Gives you the basics of how to use R and it's different file sharing platforms, is very useful when completing a project with various contributors

автор: Graham W

Feb 17, 2016

Good overview, I appreciated that the course gets you set up and makes you prove it. More command line and RStudio simple exercises would be nice.

автор: PATNAYAKUNI P

Jul 07, 2020

coursers are well explained.some of the topics are not explained .i request you to provide links to study the topics which are briefly explained.

автор: Emilie B

Nov 15, 2016

I've just started this course, that's why my rating is 4/5. But I'm very satisfied with the video lecture, and I find it very interesting so far.

автор: Melinda M

Jan 24, 2016

Useful couple of modules for helping you get set up with R and Git/GitHub. Really doesn't require a full month to do.

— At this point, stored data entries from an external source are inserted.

lemma elementary_suborder_uniform:
  fixes f :: "nat \<Rightarrow> 'b"
  assumes f: "bij_betw f UNIV B" and reflexive: "\<forall>x\<in>B. (x, x) \<in> r" and "antisym r"
    and uniform: "\<forall>i j. i < j \<longrightarrow> ((f i, f j) \<in> r \<longleftrightarrow> \<alpha>) \<and> ((f j, f i) \<in> r \<longleftrightarrow> \<beta>)"
  shows "elementary_suborder r B"
proof -
  have rel: "(f i, f j) \<in> r \<longleftrightarrow> i = j \<or> (i < j \<and> \<alpha>) \<or> (j < i \<and> \<beta>)" for i j
    using uniform reflexive bij_betwE[OF f] by (cases i j rule: linorder_cases) auto
  have "\<not> (\<alpha> \<and> \<beta>)"
  proof
    assume "\<alpha> \<and> \<beta>"
    then have "f 0 = f 1"
      using rel[of 0 1] rel[of 1 0] antisymD[OF \<open>antisym r\<close>] by simp
    then show False
      using bij_betw_imp_inj_on[OF f] by (simp add: inj_eq)
  qed
  then have "(\<forall>i j. (f i, f j) \<in> r \<longleftrightarrow> i \<le> j) \<or> (\<forall>i j. (f i, f j) \<in> r \<longleftrightarrow> j \<le> i)
      \<or> (\<forall>i j. (f i, f j) \<in> r \<longleftrightarrow> i = j)"
    unfolding rel by (cases \<alpha>; cases \<beta>) auto
  then show ?thesis
    unfolding elementary_suborder_def using f by blast
qed

lemma elementary_suborder_residue_class:
  assumes J: "infinite J" "\<forall>n\<in>J. T \<le> n \<and> n mod p = c" and "T \<le> p"
    and S: "rel_periodic_from T p S" and g: "inj_on g J"
    and reflexive: "\<forall>x\<in>g ` J. (x, x) \<in> r" and "antisym r"
    and r_S: "\<forall>m\<in>J. \<forall>n\<in>J. (g m, g n) \<in> r \<longleftrightarrow> S m n"
  shows "elementary_suborder r (g ` J)"
proof -
  obtain \<alpha> \<beta> where uniform: "\<forall>i j. i < j \<longrightarrow>
      (S (enumerate J i) (enumerate J j) \<longleftrightarrow> \<alpha>) \<and> (S (enumerate J j) (enumerate J i) \<longleftrightarrow> \<beta>)"
    using rel_periodic_from_enumerate[OF S \<open>T \<le> p\<close> J] by blast
  have "bij_betw (g \<circ> enumerate J) UNIV (g ` J)"
    using bij_enumerate[OF J(1)] inj_on_imp_bij_betw[OF g] by (rule bij_betw_trans)
  moreover have "enumerate J i \<in> J" for i
    using J(1) by (rule enumerate_in_set)
  then have "\<forall>i j. i < j \<longrightarrow> (((g \<circ> enumerate J) i, (g \<circ> enumerate J) j) \<in> r \<longleftrightarrow> \<alpha>)
      \<and> (((g \<circ> enumerate J) j, (g \<circ> enumerate J) i) \<in> r \<longleftrightarrow> \<beta>)"
    using uniform r_S by simp
  ultimately show ?thesis
    using elementary_suborder_uniform reflexive \<open>antisym r\<close> by blast
qed

lemma infinite_residue_class:
  assumes "periodic_from N p (\<lambda>n. n \<in> M)" and "p > 0" and "a \<in> M" "N \<le> a"
  shows "infinite {n \<in> M. N \<le> n \<and> n mod p = a mod p}"
proof (rule infinite_super)
  show "range (\<lambda>k. a + k * p) \<subseteq> {n \<in> M. N \<le> n \<and> n mod p = a mod p}"
    using periodic_from_add_mult[OF assms(1,4)] assms(3,4) by auto
  show "infinite (range (\<lambda>k. a + k * p))"
    using \<open>p > 0\<close> by (intro range_inj_infinite) (simp add: inj_def)
qed

lemma partition_on_image_fibres:
  assumes "inj_on g A"
  shows "partition_on (g ` A) ((\<lambda>i. g ` {x \<in> A. f x = i}) ` f ` A)"
proof (rule partition_onI)
  fix B B' assume "B \<in> (\<lambda>i. g ` {x \<in> A. f x = i}) ` f ` A" "B' \<in> (\<lambda>i. g ` {x \<in> A. f x = i}) ` f ` A"
    and "B \<noteq> B'"
  then obtain a a' where B: "B = g ` {x \<in> A. f x = f a}" "B' = g ` {x \<in> A. f x = f a'}"
    by auto
  with \<open>B \<noteq> B'\<close> have "f a \<noteq> f a'" by auto
  show "disjnt B B'"
    unfolding disjnt_def
  proof (rule equals0I)
    fix z assume "z \<in> B \<inter> B'"
    then obtain x x' where "x \<in> A" "x' \<in> A" "f x = f a" "f x' = f a'" "g x = g x'"
      unfolding B by auto
    then have "x = x'" using inj_onD[OF assms] by blast
    then show False
      using \<open>f x = f a\<close> \<open>f x' = f a'\<close> \<open>f a \<noteq> f a'\<close> by simp
  qed
qed auto

lemma elementary_partition_of_periodic:
  assumes M: "periodic_from N p (\<lambda>n. n \<in> M)" and "p > 0" "T \<le> N" "T \<le> p"
    and S: "rel_periodic_from T p S" and g: "inj_on g M"
    and reflexive: "\<forall>x\<in>g ` M. (x, x) \<in> r" and "antisym r"
    and r_S: "\<forall>m\<in>M. \<forall>n\<in>M. (g m, g n) \<in> r \<longleftrightarrow> S m n"
  shows "\<exists>P. finite P \<and> partition_on (g ` M) P \<and> (\<forall>B\<in>P. elementary_suborder r B)"
proof (intro exI conjI ballI)
  define idx where "idx n = (if n < N then Inl n else Inr (n mod p))" for n
  define P where "P = (\<lambda>i. g ` {n \<in> M. idx n = i}) ` idx ` M"
  have "idx ` M \<subseteq> Inl ` {..<N} \<union> Inr ` {..<p}"
    using \<open>p > 0\<close> by (auto simp: idx_def)
  then have "finite (idx ` M)"
    by (rule finite_subset) simp
  then show "finite P"
    unfolding P_def by simp
  show "partition_on (g ` M) P"
    unfolding P_def using g by (rule partition_on_image_fibres)
  fix B assume "B \<in> P"
  then obtain a where "a \<in> M" and B: "B = g ` {n \<in> M. idx n = idx a}"
    unfolding P_def by blast
  show "elementary_suborder r B"
  proof (cases "a < N")
    case True
    then have "B = {g a}" using B \<open>a \<in> M\<close> by (auto simp: idx_def split: if_splits)
    then show ?thesis by (simp add: elementary_suborder_def)
  next
    case False
    define J where "J = {n \<in> M. N \<le> n \<and> n mod p = a mod p}"
    have "B = g ` J" using B False by (auto simp: idx_def J_def split: if_splits)
    have "J \<subseteq> M" by (auto simp: J_def)
    have "infinite J"
      unfolding J_def using infinite_residue_class[OF M \<open>p > 0\<close> \<open>a \<in> M\<close>] False by simp
    moreover have "\<forall>n\<in>J. T \<le> n \<and> n mod p = a mod p"
      using \<open>T \<le> N\<close> by (auto simp: J_def)
    moreover have "\<forall>x\<in>g ` J. (x, x) \<in> r"
      using reflexive \<open>J \<subseteq> M\<close> by blast
    moreover have "\<forall>m\<in>J. \<forall>n\<in>J. (g m, g n) \<in> r \<longleftrightarrow> S m n"
      using r_S \<open>J \<subseteq> M\<close> by blast
    ultimately show ?thesis
      unfolding \<open>B = g ` J\<close>
      using elementary_suborder_residue_class[OF _ _ \<open>T \<le> p\<close> S inj_on_subset[OF g \<open>J \<subseteq> M\<close>]
          _ \<open>antisym r\<close>] by blast
  qed
qed

theorem corollary5p11:
  fixes X :: "'b set" and r :: "'b rel"
  assumes "partial_order_on X r" and "r \<subseteq> X \<times> X"
    and "unary_FA_presentable X r"
  shows "\<exists>P. finite P \<and> partition_on X P \<and>
           (\<forall>S\<in>P. card S = 1
              \<or> (\<exists>f::nat \<Rightarrow> 'b. bij_betw f UNIV S \<and> (\<forall>i j. (f i, f j) \<in> r \<longleftrightarrow> i \<le> j))
              \<or> (\<exists>f::nat \<Rightarrow> 'b. bij_betw f UNIV S \<and> (\<forall>i j. (f i, f j) \<in> r \<longleftrightarrow> j \<le> i))
              \<or> (\<exists>f::nat \<Rightarrow> 'b. bij_betw f UNIV S \<and> (\<forall>i j. (f i, f j) \<in> r \<longleftrightarrow> i = j)))"
proof -
  \<comment> \<open>The hypothesis r \<subseteq> X \<times> X is already contained in partial_order_on X r.\<close>
  obtain Ls :: "nat set" and g :: "nat \<Rightarrow> 'b" and T p
    where "p > 0" "T \<le> p" "g ` Ls = X" "periodic_from T p (\<lambda>n. n \<in> Ls)"
      "rel_periodic_from T p (\<lambda>m n. m \<in> Ls \<and> n \<in> Ls \<and> g m = g n)"
      and per_R: "rel_periodic_from T p (\<lambda>m n. m \<in> Ls \<and> n \<in> Ls \<and> (g m, g n) \<in> r)"
    using assms(3) by (rule unary_FA_presentable_periodic)
  define M where "M = least_preimages Ls g"
  have "g ` M = X" unfolding M_def image_least_preimages by fact
  have per_M: "periodic_from (2 * T + p) p (\<lambda>n. n \<in> M)"
    unfolding M_def by (rule periodic_from_least_preimages) fact+
  have reflexive: "\<forall>x\<in>g ` M. (x, x) \<in> r"
    using partial_order_onD(1)[OF assms(1)] \<open>g ` M = X\<close> by (simp add: refl_on_def)
  have r_R: "\<forall>m\<in>M. \<forall>n\<in>M. (g m, g n) \<in> r \<longleftrightarrow> m \<in> Ls \<and> n \<in> Ls \<and> (g m, g n) \<in> r"
    by (auto simp: M_def least_preimages_def)
  have "\<exists>P. finite P \<and> partition_on (g ` M) P \<and> (\<forall>B\<in>P. elementary_suborder r B)"
    by (rule elementary_partition_of_periodic[OF per_M \<open>p > 0\<close> _ \<open>T \<le> p\<close> per_R _ reflexive
          partial_order_onD(3)[OF assms(1)] r_R])
      (simp_all add: M_def inj_on_least_preimages)
  then show ?thesis
    unfolding \<open>g ` M = X\<close> elementary_suborder_def by blast
qed

end
(* Let $d\ge2$, let $\sigma:\mathbb R\to\mathbb R$ be a non-linear (not affine) Lipschitz function applied element-wise to vectors in $\mathbb R^d$, let $\mathscr A\subseteq\mathbb R^{d\times d}$, and consider the control family $$\mathcal F=\{x\mapsto W\sigma(Ax+b) : W\in\mathbb R^{d\times d}\text{ diagonal},\ A\in\mathscr A,\ b\in\mathbb R^d\}.$$ If for every $l=1,\dots,d$ the set $\{v\in\mathbb R^d : v \text{ is the } l\text{-th row of } A \text{ for some } A\in\mathscr A\}$ equals $\mathbb R^d$, then the control system with control family $\mathcal F$ possesses the universal interpolation property.
   Context: For $g\in\mathcal F$, $\varphi^g_t$ is the time-$t$ flow of $\dot x=g(x)$; $\mathcal A_{\mathcal F}$ is the set of all finite compositions $\varphi^{f_k}_{t_k}\circ\cdots\circ\varphi^{f_1}_{t_1}$, $f_i\in\mathcal F$, $t_i\ge0$. Universal interpolation property: for every $\varepsilon>0$, every $N$ and every data $(x_i,y_i)_{i=1}^N$ in $\mathbb R^d\times\mathbb R^d$ with $x_i\ne x_j$, $y_i\ne y_j$ for $i\ne j$, there is $\varphi\in\mathcal A_{\mathcal F}$ with $\|\varphi(x_i)-y_i\|_\infty\le\varepsilon$ for all $i$. *)

theory Defs
  imports "HOL-Analysis.Analysis"
begin

text \<open>Time-t flow of x' = g(x), started at x: the value at time t of a solution
  on [0,t] (the vector fields considered are globally Lipschitz, so the solution
  exists and is unique).\<close>
definition flow :: "(real^'d \<Rightarrow> real^'d) \<Rightarrow> real \<Rightarrow> real^'d \<Rightarrow> real^'d" where
  "flow g t x = (THE y. \<exists>u::real \<Rightarrow> real^'d. u 0 = x \<and> u t = y \<and>
      (\<forall>s\<in>{0..t}. (u has_vector_derivative g (u s)) (at s within {0..t})))"

inductive_set flow_compositions :: "(real^'d \<Rightarrow> real^'d) set \<Rightarrow> (real^'d \<Rightarrow> real^'d) set"
  for F where
  id_in: "id \<in> flow_compositions F"
| comp_in: "\<phi> \<in> flow_compositions F \<Longrightarrow> f \<in> F \<Longrightarrow> t \<ge> 0 \<Longrightarrow>
      (flow f t \<circ> \<phi>) \<in> flow_compositions F"

definition universal_interpolation :: "(real^'d \<Rightarrow> real^'d) set \<Rightarrow> bool" where
  "universal_interpolation F \<longleftrightarrow>
    (\<forall>\<epsilon>>0. \<forall>N::nat. \<forall>x y :: nat \<Rightarrow> real^'d.
      (\<forall>i<N. \<forall>j<N. i \<noteq> j \<longrightarrow> x i \<noteq> x j \<and> y i \<noteq> y j) \<longrightarrow>
      (\<exists>\<phi>\<in>flow_compositions F. \<forall>i<N. \<forall>l. \<bar>\<phi> (x i) $ l - y i $ l\<bar> \<le> \<epsilon>))"
(* Replacing coordinate i of a sample by a fresh one makes the old coordinate an
   independent draw.  The proof resamples coordinate i once more (nn_integral_PiM_update),
   which decouples the evaluation point from the sample, and swaps the two fresh draws. *)
lemma nn_integral_replace_one:
  assumes "finite I" "i \<in> I"
    and g[measurable]: "g \<in> borel_measurable (Pi\<^sub>M I (\<lambda>_. M) \<Otimes>\<^sub>M M)"
  shows "(\<integral>\<^sup>+\<omega>. g ((fst \<omega>)(i := snd \<omega> i), fst \<omega> i) \<partial>(Pi\<^sub>M I (\<lambda>_. M) \<Otimes>\<^sub>M Pi\<^sub>M I (\<lambda>_. M)))
       = integral\<^sup>N (Pi\<^sub>M I (\<lambda>_. M) \<Otimes>\<^sub>M M) g"
proof -
  let ?P = "Pi\<^sub>M I (\<lambda>_. M)"
  interpret P: prob_space ?P by (intro prob_space_PiM) (rule prob_space_axioms)
  interpret MM: pair_sigma_finite M M by unfold_locales
  have [measurable]: "(\<lambda>x. x i) \<in> ?P \<rightarrow>\<^sub>M M"
    using \<open>i \<in> I\<close> by (rule measurable_component_singleton)
  have [measurable]: "(\<lambda>(x, c). x(i := c)) \<in> ?P \<Otimes>\<^sub>M M \<rightarrow>\<^sub>M ?P"
    using \<open>i \<in> I\<close> by (rule measurable_fun_upd_PiM)
  have [measurable]: "(\<lambda>(x, c). g (x(i := c), x i)) \<in> borel_measurable (?P \<Otimes>\<^sub>M M)"
    by measurable
  have "(\<integral>\<^sup>+\<omega>. g ((fst \<omega>)(i := snd \<omega> i), fst \<omega> i) \<partial>(?P \<Otimes>\<^sub>M ?P))
      = (\<integral>\<^sup>+x. \<integral>\<^sup>+y. g (x(i := y i), x i) \<partial>?P \<partial>?P)"
  proof -
    have "(\<lambda>(x, y). g (x(i := y i), x i)) \<in> borel_measurable (?P \<Otimes>\<^sub>M ?P)"
      using measurable_compose[OF measurable_replace_one[OF \<open>i \<in> I\<close>] g] by (simp add: split_beta')
    from P.nn_integral_fst[OF this] show ?thesis
      by (simp add: split_beta')
  qed
  also have "\<dots> = (\<integral>\<^sup>+x. \<integral>\<^sup>+c. g (x(i := c), x i) \<partial>M \<partial>?P)"
  proof (rule nn_integral_cong)
    fix x assume "x \<in> space ?P"
    then have [measurable]: "(\<lambda>c. g (x(i := c), x i)) \<in> borel_measurable M"
      by measurable
    have "distr ?P M (\<lambda>y. y i) = M"
      using \<open>i \<in> I\<close> by (intro distr_PiM_component prob_space_axioms)
    then have "(\<integral>\<^sup>+c. g (x(i := c), x i) \<partial>M) = (\<integral>\<^sup>+c. g (x(i := c), x i) \<partial>distr ?P M (\<lambda>y. y i))"
      by simp
    also have "\<dots> = (\<integral>\<^sup>+y. g (x(i := y i), x i) \<partial>?P)"
      by (rule nn_integral_distr) auto
    finally show "(\<integral>\<^sup>+y. g (x(i := y i), x i) \<partial>?P) = (\<integral>\<^sup>+c. g (x(i := c), x i) \<partial>M)"
      by simp
  qed
  also have "\<dots> = (\<integral>\<^sup>+x. \<integral>\<^sup>+a. \<integral>\<^sup>+c. g (x(i := c), a) \<partial>M \<partial>M \<partial>?P)"
    using nn_integral_PiM_update[OF assms(1,2), of "\<lambda>x. \<integral>\<^sup>+c. g (x(i := c), x i) \<partial>M"] by simp
  also have "\<dots> = (\<integral>\<^sup>+x. \<integral>\<^sup>+c. \<integral>\<^sup>+a. g (x(i := c), a) \<partial>M \<partial>M \<partial>?P)"
  proof (rule nn_integral_cong)
    fix x assume [measurable]: "x \<in> space ?P"
    have "(\<lambda>(c, a). g (x(i := c), a)) \<in> borel_measurable (M \<Otimes>\<^sub>M M)"
      by measurable
    from MM.Fubini'[OF this]
    show "(\<integral>\<^sup>+a. \<integral>\<^sup>+c. g (x(i := c), a) \<partial>M \<partial>M) = (\<integral>\<^sup>+c. \<integral>\<^sup>+a. g (x(i := c), a) \<partial>M \<partial>M)"
      by simp
  qed
  also have "\<dots> = (\<integral>\<^sup>+x. \<integral>\<^sup>+a. g (x, a) \<partial>M \<partial>?P)"
    using nn_integral_PiM_update[OF assms(1,2), of "\<lambda>x. \<integral>\<^sup>+a. g (x, a) \<partial>M"] by simp
  also have "\<dots> = integral\<^sup>N (?P \<Otimes>\<^sub>M M) g"
    by (rule nn_integral_fst) (rule g)
  finally show ?thesis .
qed

lemma distr_replace_one:
  assumes "finite I" "i \<in> I"
  shows "distr (Pi\<^sub>M I (\<lambda>_. M) \<Otimes>\<^sub>M Pi\<^sub>M I (\<lambda>_. M)) (Pi\<^sub>M I (\<lambda>_. M) \<Otimes>\<^sub>M M)
           (\<lambda>\<omega>. ((fst \<omega>)(i := snd \<omega> i), fst \<omega> i))
         = Pi\<^sub>M I (\<lambda>_. M) \<Otimes>\<^sub>M M"
    (is "distr ?PP ?PM ?\<phi> = ?PM")
proof (rule measure_eqI)
  have [measurable]: "?\<phi> \<in> ?PP \<rightarrow>\<^sub>M ?PM"
    using \<open>i \<in> I\<close> by (rule measurable_replace_one)
  fix X assume X: "X \<in> sets (distr ?PP ?PM ?\<phi>)"
  then have [measurable]: "X \<in> sets ?PM" by simp
  have "emeasure (distr ?PP ?PM ?\<phi>) X = (\<integral>\<^sup>+xz. indicator X xz \<partial>distr ?PP ?PM ?\<phi>)"
    using X by simp
  also have "\<dots> = (\<integral>\<^sup>+\<omega>. indicator X (?\<phi> \<omega>) \<partial>?PP)"
    by (rule nn_integral_distr) measurable
  also have "\<dots> = integral\<^sup>N ?PM (indicator X)"
    using nn_integral_replace_one[OF assms, of "indicator X"] by simp
  also have "\<dots> = emeasure ?PM X"
    by simp
  finally show "emeasure (distr ?PP ?PM ?\<phi>) X = emeasure ?PM X" .
qed simp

The quizzes were pointless.

автор: Anand R

Mar 04, 2020

It was helpful for the beginners who is willing to learn data science and gained a knowledge about Github and other aspects. Thanks for Coursera

автор: Adam G

Jan 05, 2018

Good course that clearly explains basic R & data science concepts. Workload was very light - didn't get to practice or learn as much as I hoped.